Section 17(2)(f) and 17(3): Courts and Foreign State Processing

Section 17(2)(f) exempts processing of personal data by courts and tribunals in the discharge of their judicial functions. This reflects the fundamental principle of judicial independence - courts must be free to process personal data as needed for the administration of justice without being subject to executive oversight through the Data Protection Board. Court records, judgments, evidence, and case management systems all involve extensive personal data processing, and subjecting this to DPDPA obligations could compromise the efficiency and independence of the judicial system. Section 17(3) addresses an international dimension - it exempts the processing of personal data of Data Principals outside India pursuant to any contract entered into with any person outside India by any person based in India or any instrumentality of the State. This provision facilitates India's massive business process outsourcing (BPO) and IT services industry, where Indian companies process personal data of foreign individuals under contracts with foreign entities. Without this exemption, Indian BPO companies processing European or American customer data could face dual regulation - by the DPDPA and by the foreign country's data protection law. For more on how cross-border data transfers work under the DPDPA, see our dedicated guide. Section 17(3) removes the DPDPA layer for such processing, leaving it subject only to the contractual obligations and the foreign country's applicable law.
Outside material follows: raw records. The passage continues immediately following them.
definition wcoeffs :: "'a \<Rightarrow> complex vec" where
  "wcoeffs g = vec n (\<lambda>k. ip g (w k))"

lemma wcoeffs_carrier [simp]: "wcoeffs g \<in> carrier_vec n"
  by (simp add: wcoeffs_def)

lemma Pperp_eq: "Pperp g = g - synth (wcoeffs g)"
proof (rule oproj_orth_eqI)
  show "g - synth (wcoeffs g) \<in> orth ip (lspan sc (w ` {..<n}))"
    unfolding orth_def
  proof (rule CollectI, rule ballI)
    fix z assume "z \<in> lspan sc (w ` {..<n})"
    then obtain F c where F: "F \<subseteq> w ` {..<n}" and z: "z = (\<Sum>a\<in>F. sc (c a) a)"
      unfolding lspan_def by (simp only: mem_Collect_eq) (elim exE conjE)
    have y_w: "ip (g - synth (wcoeffs g)) (w k) = 0" if "k < n" for k
      using that by (simp add: ip_diff_left ip_synth_w wcoeffs_def)
    have "ip (g - synth (wcoeffs g)) z = (\<Sum>a\<in>F. cnj (c a) * ip (g - synth (wcoeffs g)) a)"
      unfolding z by (simp add: ip_sum_right ip_sc_right)
    also have "\<dots> = 0"
      by (rule sum.neutral) (use F y_w in auto)
    finally show "ip (g - synth (wcoeffs g)) z = 0" .
  qed
next
  fix z assume z: "z \<in> orth ip (lspan sc (w ` {..<n}))"
  have "ip z (w k) = 0" if "k < n" for k
    using z lspan_superset[of "w k" "w ` {..<n}"] that unfolding orth_def by blast
  then have "ip (w k) z = 0" if "k < n" for k
    using that by (subst ip_cnj) simp
  then show "ip (g - (g - synth (wcoeffs g))) z = 0"
    by (simp add: ip_synth_left)
qed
Section 17(4): Exemptions for Notified Data Fiduciaries

Section 17(4) empowers the Central Government to notify certain Data Fiduciaries or classes of Data Fiduciaries for whom certain provisions of the Act will not apply or will apply with modifications. This is a flexible tool that allows the Government to create sector-specific or entity-specific compliance regimes. For example, the Government might exempt certain public sector enterprises from specific notification requirements, or modify consent obligations for healthcare providers processing emergency medical data. This provision also enables the graduated compliance approach that the DPDPA contemplates - different organisations may face different compliance obligations based on their nature, size, and processing activities - for instance, Significant Data Fiduciaries face enhanced obligations while others may receive relaxations. The Government can use Section 17(4) to create compliance tiers that recognise the diversity of India's economy. However, this flexibility also concentrates significant discretionary power in the Central Government, which can selectively exempt entities from data protection obligations. The absence of legislative criteria for exercising this discretion - beyond the general public interest - means that exemption decisions could be influenced by political or commercial considerations. Transparency in the notification process and judicial review of exemption decisions are essential safeguards against arbitrary exercise of this power. Organisations should consult the full text of the DPDPA to understand the precise scope of each exemption.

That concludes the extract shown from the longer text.